Copy each line of the entries below that contains the string "True".

▼

lemma prod_term_at:
  "prod_term Vh md phi v1 v2 v3 z1 z2 (w2 + w3 - k0 - 1 + of_nat j)
    = prod_coeff j * cpw z1 (- (m0 + of_nat j) - 1) * cpw z2 (- (k0 - of_nat j) - 1)"
  unfolding prod_term_def
proof (subst fsum_eq_single[where a="(m0 + of_nat j, k0 - of_nat j)"])
  fix x assume x: "x \<noteq> (m0 + of_nat j, k0 - of_nat j)"
  obtain m k where mk: "x = (m, k)" by force
  show "(case x of (m, k) \<Rightarrow> phi (md v1 m (wtproj Vh (w2 + w3 - k0 - 1 + of_nat j) (md v2 k v3)))
      * cpw z1 (- m - 1) * cpw z2 (- k - 1)) = 0"
  proof (cases "w2 + w3 - k0 - 1 + of_nat j = w2 + w3 - k - 1")
    case True
    then have "k = k0 - of_nat j" by (simp add: algebra_simps)
    then have "phi (md v1 m (md v2 k v3)) = 0" using phi_product_nonzero x mk by force
    then show ?thesis using True mk by (simp add: wtproj_homogeneous[OF v2_v3_in_Vh])
  next
    case False
    then show ?thesis
      using mk by (simp add: wtproj_homogeneous[OF v2_v3_in_Vh] mode_zero_right phi.zero)
  qed
qed (simp add: wtproj_homogeneous[OF v2_v3_in_Vh] prod_coeff_def)

lemma prod_term_off:
  assumes "n \<notin> range (\<lambda>j::nat. w2 + w3 - k0 - 1 + of_nat j)"
  shows "prod_term Vh md phi v1 v2 v3 z1 z2 n = 0"
  unfolding prod_term_def
proof (rule fsum_neutral)
  fix x obtain m k :: complex where mk: "x = (m, k)" by force
  have "wtproj Vh n (md v2 k v3) = 0"
  proof (cases "md v2 k v3 = 0")
    case False
    then obtain j :: nat where "k = k0 - of_nat j" using top23 unfolding k0_def by blast
    then show ?thesis using assms by (auto simp: wtproj_homogeneous[OF v2_v3_in_Vh])
  qed (simp add: wtproj_zero)
  then show "(case x of (m, k) \<Rightarrow> phi (md v1 m (wtproj Vh n (md v2 k v3)))
      * cpw z1 (- m - 1) * cpw z2 (- k - 1)) = 0"
    using mk by (simp add: mode_zero_right phi.zero)
qed

lemma iter_term_at:
  "iter_term Vh md phi v1 v2 v3 z0 z2 (w1 + w2 - r0 - 1 + of_nat j)
    = iter_coeff j * cpw z0 (- (r0 - of_nat j) - 1) * cpw z2 (- (s0 + of_nat j) - 1)"
  unfolding iter_term_def
proof (subst fsum_eq_single[where a="(r0 - of_nat j, s0 + of_nat j)"])
  fix x assume x: "x \<noteq> (r0 - of_nat j, s0 + of_nat j)"
  obtain r s :: complex where rs: "x = (r, s)" by force
  show "(case x of (r, s) \<Rightarrow> phi (md (wtproj Vh (w1 + w2 - r0 - 1 + of_nat j) (md v1 r v2)) s v3)
      * cpw z0 (- r - 1) * cpw z2 (- s - 1)) = 0"
  proof (cases "w1 + w2 - r0 - 1 + of_nat j = w1 + w2 - r - 1")
    case True
    then have "r = r0 - of_nat j" by (simp add: algebra_simps)
    then have "phi (md (md v1 r v2) s v3) = 0" using phi_iterate_nonzero x rs by force
    then show ?thesis using True rs by (simp add: wtproj_homogeneous[OF v1_v2_in_Vh])
  next
    case False
    then show ?thesis
      using rs by (simp add: wtproj_homogeneous[OF v1_v2_in_Vh] mode_zero_left phi.zero)
  qed
qed (simp add: wtproj_homogeneous[OF v1_v2_in_Vh] iter_coeff_def)

lemma iter_term_off:
  assumes "n \<notin> range (\<lambda>j::nat. w1 + w2 - r0 - 1 + of_nat j)"
  shows "iter_term Vh md phi v1 v2 v3 z0 z2 n = 0"
  unfolding iter_term_def
proof (rule fsum_neutral)
  fix x obtain r s :: complex where rs: "x = (r, s)" by force
  have "wtproj Vh n (md v1 r v2) = 0"
  proof (cases "md v1 r v2 = 0")
    case False
    then obtain j :: nat where "r = r0 - of_nat j" using top12 unfolding r0_def by blast
    then show ?thesis using assms by (auto simp: wtproj_homogeneous[OF v1_v2_in_Vh])
  qed (simp add: wtproj_zero)
  then show "(case x of (r, s) \<Rightarrow> phi (md (wtproj Vh n (md v1 r v2)) s v3)
      * cpw z0 (- r - 1) * cpw z2 (- s - 1)) = 0"
    using rs by (simp add: mode_zero_left phi.zero)
qed

lemma prod_term_factor:
  "prod_coeff j * cpw z1 (- (m0 + of_nat j) - 1) * cpw z2 (- (k0 - of_nat j) - 1)
     = cpw z1 (- m0 - 1) * cpw z2 (- k0 - 1) * (prod_coeff j * (z2 / z1) ^ j)"
proof -
  have e: "- (m0 + of_nat j) - 1 = (- m0 - 1) - of_nat j" "- (k0 - of_nat j) - 1 = (- k0 - 1) + of_nat j"
    by simp_all
  have "cpw z1 (- (m0 + of_nat j) - 1) = cpw z1 (- m0 - 1) * inverse z1 ^ j"
    unfolding e by (rule cpw_diff_of_nat[OF z_nonzero(1)])
  moreover have "cpw z2 (- (k0 - of_nat j) - 1) = cpw z2 (- k0 - 1) * z2 ^ j"
    unfolding e by (rule cpw_add_of_nat[OF z_nonzero(2)])
  ultimately show ?thesis by (simp add: power_mult_distrib power_inverse mult_ac divide_inverse)
qed

lemma iter_term_factor:
  "iter_coeff j * cpw z0 (- (r0 - of_nat j) - 1) * cpw z2 (- (s0 + of_nat j) - 1)
     = cpw z0 (- r0 - 1) * cpw z2 (- s0 - 1) * (iter_coeff j * (z0 / z2) ^ j)"
proof -
  have e: "- (r0 - of_nat j) - 1 = (- r0 - 1) + of_nat j" "- (s0 + of_nat j) - 1 = (- s0 - 1) - of_nat j"
    by simp_all
  have "cpw z0 (- (r0 - of_nat j) - 1) = cpw z0 (- r0 - 1) * z0 ^ j"
    unfolding e by (rule cpw_add_of_nat[OF z_nonzero(3)])
  moreover have "cpw z2 (- (s0 + of_nat j) - 1) = cpw z2 (- s0 - 1) * inverse z2 ^ j"
    unfolding e by (rule cpw_diff_of_nat[OF z_nonzero(2)])
  ultimately show ?thesis by (simp add: power_mult_distrib power_inverse mult_ac divide_inverse)
qed

lemma prod_has_sum:
  assumes "summable (\<lambda>j. norm (prod_coeff j * (z2 / z1) ^ j))"
    and "(\<lambda>j. prod_coeff j * (z2 / z1) ^ j) sums X"
  shows "(prod_term Vh md phi v1 v2 v3 z1 z2 has_sum (cpw z1 (- m0 - 1) * cpw z2 (- k0 - 1) * X)) UNIV"
proof (rule has_sum_supported_on_progression[where b = "w2 + w3 - k0 - 1"])
  show "summable (\<lambda>j. norm (cpw z1 (- m0 - 1) * cpw z2 (- k0 - 1) * (prod_coeff j * (z2 / z1) ^ j)))"
    using summable_mult[OF assms(1), of "norm (cpw z1 (- m0 - 1) * cpw z2 (- k0 - 1))"]
    by (simp add: norm_mult mult.assoc)
  show "prod_term Vh md phi v1 v2 v3 z1 z2 (w2 + w3 - k0 - 1 + of_nat j)
      = cpw z1 (- m0 - 1) * cpw z2 (- k0 - 1) * (prod_coeff j * (z2 / z1) ^ j)" for j
    by (simp only: prod_term_at prod_term_factor)
qed (fact prod_term_off, fact sums_mult[OF assms(2)])

lemma iter_has_sum:
  assumes "summable (\<lambda>j. norm (iter_coeff j * (z0 / z2) ^ j))"
    and "(\<lambda>j. iter_coeff j * (z0 / z2) ^ j) sums X"
  shows "(iter_term Vh md phi v1 v2 v3 z0 z2 has_sum (cpw z0 (- r0 - 1) * cpw z2 (- s0 - 1) * X)) UNIV"
proof (rule has_sum_supported_on_progression[where b = "w1 + w2 - r0 - 1"])
  show "summable (\<lambda>j. norm (cpw z0 (- r0 - 1) * cpw z2 (- s0 - 1) * (iter_coeff j * (z0 / z2) ^ j)))"
    using summable_mult[OF assms(1), of "norm (cpw z0 (- r0 - 1) * cpw z2 (- s0 - 1))"]
    by (simp add: norm_mult mult.assoc)
  show "iter_term Vh md phi v1 v2 v3 z0 z2 (w1 + w2 - r0 - 1 + of_nat j)
      = cpw z0 (- r0 - 1) * cpw z2 (- s0 - 1) * (iter_coeff j * (z0 / z2) ^ j)" for j
    by (simp only: iter_term_at iter_term_factor)
qed (fact iter_term_off, fact sums_mult[OF assms(2)])

lemma finite_prod_support: "finite {p. prod_summand phi v1 v2 v3 z1 z2 n p \<noteq> 0}" (is "finite ?S")
proof (rule finite_subset)
  show "?S \<subseteq> (\<lambda>j. (m0 + of_nat j, k0 - of_nat j)) ` {j. of_nat j = n - (w2 + w3 - k0 - 1)}"
  proof
    fix x assume x: "x \<in> ?S"
    obtain m k :: complex where mk: "x = (m, k)" by force
    have "phi (md v1 m (wtproj Vh n (md v2 k v3))) \<noteq> 0" using x mk by (auto simp: prod_summand_def)
    then have n: "n = w2 + w3 - k - 1" and ne: "phi (md v1 m (md v2 k v3)) \<noteq> 0"
      by (auto simp: wtproj_homogeneous[OF v2_v3_in_Vh] mode_zero_right phi.zero split: if_splits)
    then have "md v2 k v3 \<noteq> 0" by (auto simp: mode_zero_right phi.zero)
    then obtain j :: nat where k: "k = k0 - of_nat j" using top23 unfolding k0_def by blast
    then show "x \<in> (\<lambda>j. (m0 + of_nat j, k0 - of_nat j)) ` {j. of_nat j = n - (w2 + w3 - k0 - 1)}"
      using mk n phi_product_nonzero[OF ne] by auto
  qed
qed (simp add: finite_of_nat_eq)

lemma finite_iter_support: "finite {p. iter_summand phi v1 v2 v3 z0 z2 n p \<noteq> 0}" (is "finite ?S")
proof (rule finite_subset)
  show "?S \<subseteq> (\<lambda>j. (r0 - of_nat j, s0 + of_nat j)) ` {j. of_nat j = n - (w1 + w2 - r0 - 1)}"
  proof
    fix x assume x: "x \<in> ?S"
    obtain r s :: complex where rs: "x = (r, s)" by force
    have "phi (md (wtproj Vh n (md v1 r v2)) s v3) \<noteq> 0" using x rs by (auto simp: iter_summand_def)
    then have n: "n = w1 + w2 - r - 1" and ne: "phi (md (md v1 r v2) s v3) \<noteq> 0"
      by (auto simp: wtproj_homogeneous[OF v1_v2_in_Vh] mode_zero_left phi.zero split: if_splits)
    then have "md v1 r v2 \<noteq> 0" by (auto simp: mode_zero_left phi.zero)
    then obtain j :: nat where r: "r = r0 - of_nat j" using top12 unfolding r0_def by blast
    then show "x \<in> (\<lambda>j. (r0 - of_nat j, s0 + of_nat j)) ` {j. of_nat j = n - (w1 + w2 - r0 - 1)}"
      using rs n phi_iterate_nonzero[OF ne] by auto
  qed
qed (simp add: finite_of_nat_eq)

definition "prod_poly q = (\<Sum>i=0..q. (-1) ^ i * ((r0 + 1) gchoose i) * prod_coeff (q - i))"
definition "prod_deg = nat \<lceil>of_int N13 - Re (m0 - (r0 + 1) - bh a1 a3)\<rceil>"

lemma phi_fsum_product_modes:
  "phi (fsum (\<lambda>i::nat. sc ((-1) ^ i * (s gchoose i))
      (md v1 (x - of_nat i) (md v2 (k0 - of_nat q + of_nat i) v3))))
   = (\<Sum>i=0..q. (-1) ^ i * (s gchoose i) * phi (md v1 (x - of_nat i) (md v2 (k0 - of_nat (q - i)) v3)))"
proof -
  have "phi (fsum (\<lambda>i::nat. sc ((-1) ^ i * (s gchoose i))
      (md v1 (x - of_nat i) (md v2 (k0 - of_nat q + of_nat i) v3))))
     = (\<Sum>i=0..q. phi (sc ((-1) ^ i * (s gchoose i))
      (md v1 (x - of_nat i) (md v2 (k0 - of_nat q + of_nat i) v3))))"
  proof (rule phi.fsum)
    fix i assume "i \<notin> {0..q}"
    then have "md v2 (k0 - of_nat q + of_nat i) v3 = 0" using v2_v3_vanish by fastforce
    then show "sc ((-1) ^ i * (s gchoose i)) (md v1 (x - of_nat i) (md v2 (k0 - of_nat q + of_nat i) v3)) = 0"
      by (simp add: mode_zero_right)
  qed simp
  also have "\<dots> = (\<Sum>i=0..q. (-1) ^ i * (s gchoose i) * phi (md v1 (x - of_nat i) (md v2 (k0 - of_nat (q - i)) v3)))"
  proof (intro sum.cong refl)
    fix i assume "i \<in> {0..q}"
    then have e: "k0 - of_nat q + of_nat i = k0 - of_nat (q - i)" by (simp add: of_nat_diff)
    show "phi (sc ((-1) ^ i * (s gchoose i)) (md v1 (x - of_nat i) (md v2 (k0 - of_nat q + of_nat i) v3)))
      = (-1) ^ i * (s gchoose i) * phi (md v1 (x - of_nat i) (md v2 (k0 - of_nat (q - i)) v3))"
      unfolding e by (rule phi_scale)
  qed
  finally show ?thesis .
qed

text \<open>Jacobi identity with \<open>l = N12 + 1\<close>: its right-hand side vanishes since \<open>v1\<close> has no
  modes above \<open>r0\<close> on \<open>v2\<close>, and for large \<open>q\<close> so does the second term, as \<open>v1\<close> has no
  modes above \<open>bh a1 a3 + N13\<close> on \<open>v3\<close>.\<close>
lemma prod_poly_vanish:
  assumes "prod_deg < q"
  shows "prod_poly q = 0"
proof -
  let ?m = "m0 + of_nat q - (r0 + 1)" and ?k = "k0 - of_nat q" and ?s = "r0 + 1"
  have s: "?s = of_int (N12 + 1) + bh a1 a2" by (simp add: r0_def)
  have rhs: "fsum (\<lambda>j::nat. sc (?m gchoose j) (md (md v1 (?s + of_nat j) v2) (?k + ?m - of_nat j) v3)) = 0"
    by (rule fsum_neutral) (simp only: v1_v2_vanish mode_zero_left scale_zero_right)
  have "md v1 (?m + of_nat i) v3 = 0" for i
  proof (rule ccontr)
    assume "md v1 (?m + of_nat i) v3 \<noteq> 0"
    then have "Re (?m + of_nat i) \<le> Re (bh a1 a3) + of_int N13" by (rule v1_v3_bound)
    then have "q \<le> prod_deg" unfolding prod_deg_def by simp linarith
    then show False using assms by simp
  qed
  then have second: "fsum (\<lambda>i::nat. sc ((-1) ^ i * (?s gchoose i))
      (md v2 (?k + ?s - of_nat i) (md v1 (?m + of_nat i) v3))) = 0"
    by (intro fsum_neutral) (simp add: mode_zero_right)
  have "phi (fsum (\<lambda>i::nat. sc ((-1) ^ i * (?s gchoose i)) (md v1 (?m + ?s - of_nat i) (md v2 (?k + of_nat i) v3)))) = 0"
    using arg_cong[OF jacobi_at[OF v_in_Vgr s, of ?m ?k], of phi] rhs second by (simp add: phi.zero)
  moreover have "?m + ?s = m0 + of_nat q" by simp
  ultimately have "(\<Sum>i=0..q. (-1) ^ i * (?s gchoose i)
      * phi (md v1 (m0 + of_nat q - of_nat i) (md v2 (k0 - of_nat (q - i)) v3))) = 0"
    using phi_fsum_product_modes[of ?s "m0 + of_nat q" q] by simp
  also have "(\<Sum>i=0..q. (-1) ^ i * (?s gchoose i)
      * phi (md v1 (m0 + of_nat q - of_nat i) (md v2 (k0 - of_nat (q - i)) v3))) = prod_poly q"
    unfolding prod_poly_def prod_coeff_def
  proof (intro sum.cong refl)
    fix i assume "i \<in> {0..q}"
    then have e: "m0 + of_nat q - of_nat i = m0 + of_nat (q - i)" by (simp add: of_nat_diff)
    show "(-1) ^ i * (?s gchoose i) * phi (md v1 (m0 + of_nat q - of_nat i) (md v2 (k0 - of_nat (q - i)) v3))
      = (-1) ^ i * (?s gchoose i) * phi (md v1 (m0 + of_nat (q - i)) (md v2 (k0 - of_nat (q - i)) v3))"
      unfolding e ..
  qed
  finally show ?thesis .
qed

lemma norm_z2_z1: "norm (z2 / z1) < 1"
  using z_order z_nonzero by (simp add: norm_divide divide_less_eq)

lemma norm_z0_z2: "norm (z0 / z2) < 1"
  using z_order z_nonzero by (simp add: norm_divide divide_less_eq)

lemma prod_coeff_series:
  shows "summable (\<lambda>j. norm (prod_coeff j * (z2 / z1) ^ j))"
    and "(\<lambda>j. prod_coeff j * (z2 / z1) ^ j) sums
           ((1 - z2 / z1) powr (- (r0 + 1)) * (\<Sum>q\<le>prod_deg. prod_poly q * (z2 / z1) ^ q))"
  using sums_reflected_binomial_times_poly[where J=prod_deg and alpha="r0 + 1" and c=prod_coeff,
      OF _ norm_z2_z1] prod_poly_vanish
  unfolding prod_poly_def by auto

definition "jacobi_lhs m q = fsum (\<lambda>i::nat. sc ((-1) ^ i * ((r0 - of_nat q) gchoose i))
    (md v1 (m + (r0 - of_nat q) - of_nat i) (md v2 ((s0 + of_nat q - m) + of_nat i) v3)))"
(* Let $Q$ be a $\Sigma$-uniformized query with hypergraph $\mathcal{H}=(V,E)$, input size $n$, $p$ machines, let $\Delta>0$, and let $\psi$ be the vector returned by Construct$(Q,\Delta)$. Then for every $R\in Q$ with $\mathrm{vars}(R)\setminus H[\mathbf{V}(\psi)/\Delta]\neq\emptyset$, there exists a relation $R'\in Q$ such that (i) $\mathrm{vars}(R)\setminus H[\mathbf{V}(\psi)/\Delta]\subseteq\mathrm{vars}(R')$ and (ii) $\sum_{x\in\mathrm{vars}(R')}\mathbf{V}_x(\psi)\ge 1$.
   Context: A natural join query $Q$ is a set of relations (distinct schemas) with hypergraph $\mathcal{H}=(V,E)$, $V=\bigcup_R\mathrm{vars}(R)$, $E=\{\mathrm{vars}(R)\}$. $\mathcal{H}[S]$ has vertex set $S$ and edges $\{S\cap e: e\in E, S\cap e\ne\emptyset\}$; $\mathsf{red}$ removes every edge strictly contained in another; $\tau^*$ is the minimum fractional vertex cover value. $\deg_R(Y\mid X)=\max_{\mathbf{x}}|\pi_Y\sigma_{X=\mathbf{x}}R|$. A constraint set for $R$ is $\sigma_R:\mathcal{P}(\mathrm{vars}(R))\to\mathbb{R}_{\ge0}$; $R$ satisfies it if $\deg_R(Y\mid X)\le2\sigma_R(X)/\sigma_R(Y)$ for all $X\subseteq Y\subseteq\mathrm{vars}(R)$; $Q$ is $\Sigma$-uniformized ($\Sigma=\{\sigma_R\}_{R\in Q}$) if each $R$ satisfies $\sigma_R$. A vertex weight mapping is $\mathbf{v}:V\to\mathbb{R}_{\ge0}$. For $R\in Q$ and $U\subseteq\mathrm{vars}(R)$: $U$ is heavy in $R$ if $\sigma_R(U)\ge n/p^{\sum_{i\in U}v_i}$, consistent if $\sigma_R(U)\le n/p^{\sum_{i\in U}v_i}$. $\mathbf{v}$ is consistent with $Q$ if every $U\subseteq\mathrm{vars}(R)$ is consistent in $R$ for every $R\in Q$. $H[\mathbf{v}]$ is the union of all sets $U$ heavy in some $R\in Q$. For each $U\subseteq V$ fix a minimum fractional vertex cover $\mathbf{v}^*_U$ of $\mathsf{red}(\mathcal{H}[U])$ (zero outside $U$). For $\psi=(\psi_U)_{U\in\mathcal{P}(V)}$, $\mathbf{V}(\psi)=\sum_U\psi_U\mathbf{v}^*_U$ and $|\psi|_1=\sum_U\psi_U$. Construct$(Q,\Delta)$: set $\psi\gets\mathbf{0}$; while $|\psi|_1<1$ and $H[\mathbf{V}(\psi)/\Delta]\ne V$: let $L=V\setminus H[\mathbf{V}(\psi)/\Delta]$ and set $\psi_L$ to the largest $\delta\in(0,1-|\psi|_1]$ such that $Q$ is consistent with $(\mathbf{V}(\psi)+\delta\mathbf{v}^*_L)/\Delta$; return $\psi$. *)

theory Defs
  imports Complex_Main
begin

▲

[Exercise response]
    case True
    then show ?thesis using True mk by (simp add: wtproj_homogeneous[OF v2_v3_in_Vh])
    case True
    then show ?thesis using True rs by (simp add: wtproj_homogeneous[OF v1_v2_in_Vh])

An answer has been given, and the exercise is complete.